===== Data for processing =====

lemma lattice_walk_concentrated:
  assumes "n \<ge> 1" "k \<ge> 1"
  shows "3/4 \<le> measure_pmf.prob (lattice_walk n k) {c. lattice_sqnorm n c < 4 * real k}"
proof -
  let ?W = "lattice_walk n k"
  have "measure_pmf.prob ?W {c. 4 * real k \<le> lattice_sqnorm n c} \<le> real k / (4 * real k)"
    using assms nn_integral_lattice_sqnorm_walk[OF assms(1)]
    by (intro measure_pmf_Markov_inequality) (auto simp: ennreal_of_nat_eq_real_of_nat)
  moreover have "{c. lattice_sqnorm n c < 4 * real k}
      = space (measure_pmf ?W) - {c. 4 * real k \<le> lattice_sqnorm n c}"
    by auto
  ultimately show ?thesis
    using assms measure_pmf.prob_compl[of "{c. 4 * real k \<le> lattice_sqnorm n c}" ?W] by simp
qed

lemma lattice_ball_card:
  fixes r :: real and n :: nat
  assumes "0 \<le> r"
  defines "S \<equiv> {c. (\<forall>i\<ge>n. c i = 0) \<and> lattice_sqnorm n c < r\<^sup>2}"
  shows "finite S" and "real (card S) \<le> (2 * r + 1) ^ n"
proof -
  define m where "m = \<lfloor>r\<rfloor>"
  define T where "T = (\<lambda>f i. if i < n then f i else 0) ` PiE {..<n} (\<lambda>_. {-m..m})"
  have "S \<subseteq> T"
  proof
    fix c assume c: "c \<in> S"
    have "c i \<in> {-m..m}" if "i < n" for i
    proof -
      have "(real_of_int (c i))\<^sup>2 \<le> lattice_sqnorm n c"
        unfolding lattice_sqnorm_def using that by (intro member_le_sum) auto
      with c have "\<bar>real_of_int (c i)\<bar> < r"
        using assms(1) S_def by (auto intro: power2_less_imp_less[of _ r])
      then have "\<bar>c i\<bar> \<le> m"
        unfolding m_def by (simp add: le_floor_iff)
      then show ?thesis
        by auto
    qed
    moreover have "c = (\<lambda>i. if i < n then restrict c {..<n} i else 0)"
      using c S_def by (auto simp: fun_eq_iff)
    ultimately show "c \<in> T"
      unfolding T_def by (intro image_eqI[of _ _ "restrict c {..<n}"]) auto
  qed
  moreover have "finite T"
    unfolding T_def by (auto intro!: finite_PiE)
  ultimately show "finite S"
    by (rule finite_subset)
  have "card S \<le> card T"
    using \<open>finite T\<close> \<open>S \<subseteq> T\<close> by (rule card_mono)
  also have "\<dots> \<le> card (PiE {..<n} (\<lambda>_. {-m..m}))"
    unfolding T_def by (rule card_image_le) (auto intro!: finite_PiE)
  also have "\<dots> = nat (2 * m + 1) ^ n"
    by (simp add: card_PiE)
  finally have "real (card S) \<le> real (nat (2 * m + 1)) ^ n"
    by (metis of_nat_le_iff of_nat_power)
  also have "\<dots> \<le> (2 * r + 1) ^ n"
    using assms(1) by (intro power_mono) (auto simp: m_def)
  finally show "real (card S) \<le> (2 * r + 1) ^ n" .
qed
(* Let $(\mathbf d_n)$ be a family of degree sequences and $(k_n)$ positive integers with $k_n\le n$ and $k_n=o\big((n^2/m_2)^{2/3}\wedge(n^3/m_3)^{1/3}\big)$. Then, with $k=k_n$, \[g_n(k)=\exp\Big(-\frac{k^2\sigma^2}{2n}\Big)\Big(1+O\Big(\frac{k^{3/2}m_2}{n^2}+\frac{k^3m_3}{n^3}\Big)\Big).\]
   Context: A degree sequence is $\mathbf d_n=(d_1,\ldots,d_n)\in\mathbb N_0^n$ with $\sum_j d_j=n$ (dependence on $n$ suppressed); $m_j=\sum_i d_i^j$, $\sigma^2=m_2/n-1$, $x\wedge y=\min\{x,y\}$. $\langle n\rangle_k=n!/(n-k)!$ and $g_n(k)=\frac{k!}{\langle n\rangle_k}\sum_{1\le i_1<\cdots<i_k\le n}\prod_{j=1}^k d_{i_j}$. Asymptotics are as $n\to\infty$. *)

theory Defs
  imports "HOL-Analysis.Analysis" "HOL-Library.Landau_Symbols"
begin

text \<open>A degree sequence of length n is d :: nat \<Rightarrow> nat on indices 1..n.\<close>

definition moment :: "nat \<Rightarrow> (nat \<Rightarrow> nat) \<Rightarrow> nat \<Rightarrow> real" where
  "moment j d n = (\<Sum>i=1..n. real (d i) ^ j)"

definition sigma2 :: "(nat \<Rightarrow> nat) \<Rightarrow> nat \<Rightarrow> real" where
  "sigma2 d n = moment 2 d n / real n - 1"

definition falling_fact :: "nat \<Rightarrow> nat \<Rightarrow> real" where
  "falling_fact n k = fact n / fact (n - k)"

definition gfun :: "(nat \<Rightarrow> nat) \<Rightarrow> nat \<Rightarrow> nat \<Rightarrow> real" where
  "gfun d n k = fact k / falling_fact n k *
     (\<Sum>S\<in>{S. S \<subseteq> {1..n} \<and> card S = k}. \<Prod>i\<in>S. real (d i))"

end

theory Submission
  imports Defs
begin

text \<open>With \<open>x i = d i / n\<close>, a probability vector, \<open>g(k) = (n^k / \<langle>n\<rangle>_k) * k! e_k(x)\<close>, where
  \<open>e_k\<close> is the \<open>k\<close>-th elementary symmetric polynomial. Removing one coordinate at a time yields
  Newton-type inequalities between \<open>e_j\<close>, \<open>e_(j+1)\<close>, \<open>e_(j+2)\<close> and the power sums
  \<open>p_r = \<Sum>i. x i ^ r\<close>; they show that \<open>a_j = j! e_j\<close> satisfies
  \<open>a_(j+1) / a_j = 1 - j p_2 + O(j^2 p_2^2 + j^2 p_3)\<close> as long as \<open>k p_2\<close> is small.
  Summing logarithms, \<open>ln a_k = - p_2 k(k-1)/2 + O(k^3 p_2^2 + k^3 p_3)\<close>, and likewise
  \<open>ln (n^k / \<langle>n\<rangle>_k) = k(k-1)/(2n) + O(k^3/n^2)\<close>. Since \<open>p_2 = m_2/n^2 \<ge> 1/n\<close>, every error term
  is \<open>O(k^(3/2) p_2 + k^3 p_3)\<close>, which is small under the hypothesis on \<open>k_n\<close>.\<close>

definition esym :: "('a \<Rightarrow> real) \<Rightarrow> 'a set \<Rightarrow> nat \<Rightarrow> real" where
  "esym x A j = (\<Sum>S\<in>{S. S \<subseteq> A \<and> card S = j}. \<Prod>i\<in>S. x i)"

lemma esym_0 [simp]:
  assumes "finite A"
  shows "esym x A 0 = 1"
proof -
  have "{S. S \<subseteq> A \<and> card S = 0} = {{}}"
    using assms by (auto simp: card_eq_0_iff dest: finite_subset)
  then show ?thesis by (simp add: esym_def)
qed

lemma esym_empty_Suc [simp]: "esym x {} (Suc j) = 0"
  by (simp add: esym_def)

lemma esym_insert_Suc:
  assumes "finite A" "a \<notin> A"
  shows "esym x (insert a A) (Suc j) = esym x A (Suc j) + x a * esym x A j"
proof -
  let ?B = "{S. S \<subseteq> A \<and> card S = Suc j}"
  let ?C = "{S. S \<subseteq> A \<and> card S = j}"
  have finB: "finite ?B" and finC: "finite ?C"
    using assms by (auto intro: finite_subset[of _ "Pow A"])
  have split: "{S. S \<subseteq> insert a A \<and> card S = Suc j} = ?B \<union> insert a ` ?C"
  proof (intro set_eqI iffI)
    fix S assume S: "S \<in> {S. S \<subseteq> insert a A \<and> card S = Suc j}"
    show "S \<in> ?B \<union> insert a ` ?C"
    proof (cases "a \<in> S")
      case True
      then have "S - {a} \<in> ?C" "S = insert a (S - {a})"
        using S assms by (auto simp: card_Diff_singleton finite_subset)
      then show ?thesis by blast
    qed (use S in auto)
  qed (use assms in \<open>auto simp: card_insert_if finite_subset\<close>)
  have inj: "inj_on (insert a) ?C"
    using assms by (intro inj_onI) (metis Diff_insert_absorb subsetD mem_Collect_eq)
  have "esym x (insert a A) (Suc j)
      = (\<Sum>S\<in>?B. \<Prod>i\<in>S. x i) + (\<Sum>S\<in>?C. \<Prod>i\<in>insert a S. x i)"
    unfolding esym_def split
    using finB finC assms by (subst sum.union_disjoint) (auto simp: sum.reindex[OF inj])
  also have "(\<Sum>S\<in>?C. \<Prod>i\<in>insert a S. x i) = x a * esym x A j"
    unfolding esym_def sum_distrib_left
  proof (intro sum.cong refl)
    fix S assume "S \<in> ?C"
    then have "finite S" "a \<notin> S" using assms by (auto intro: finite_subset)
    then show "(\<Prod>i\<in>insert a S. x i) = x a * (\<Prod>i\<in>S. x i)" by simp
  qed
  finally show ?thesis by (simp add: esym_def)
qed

=====

Among the records above, find each line holding "shows" and list it.

  shows "3/4 \<le> measure_pmf.prob (lattice_walk n k) {c. lattice_sqnorm n c < 4 * real k}"
  shows "finite S" and "real (card S) \<le> (2 * r + 1) ^ n"
  shows "esym x A 0 = 1"
  shows "esym x (insert a A) (Suc j) = esym x A (Suc j) + x a * esym x A j"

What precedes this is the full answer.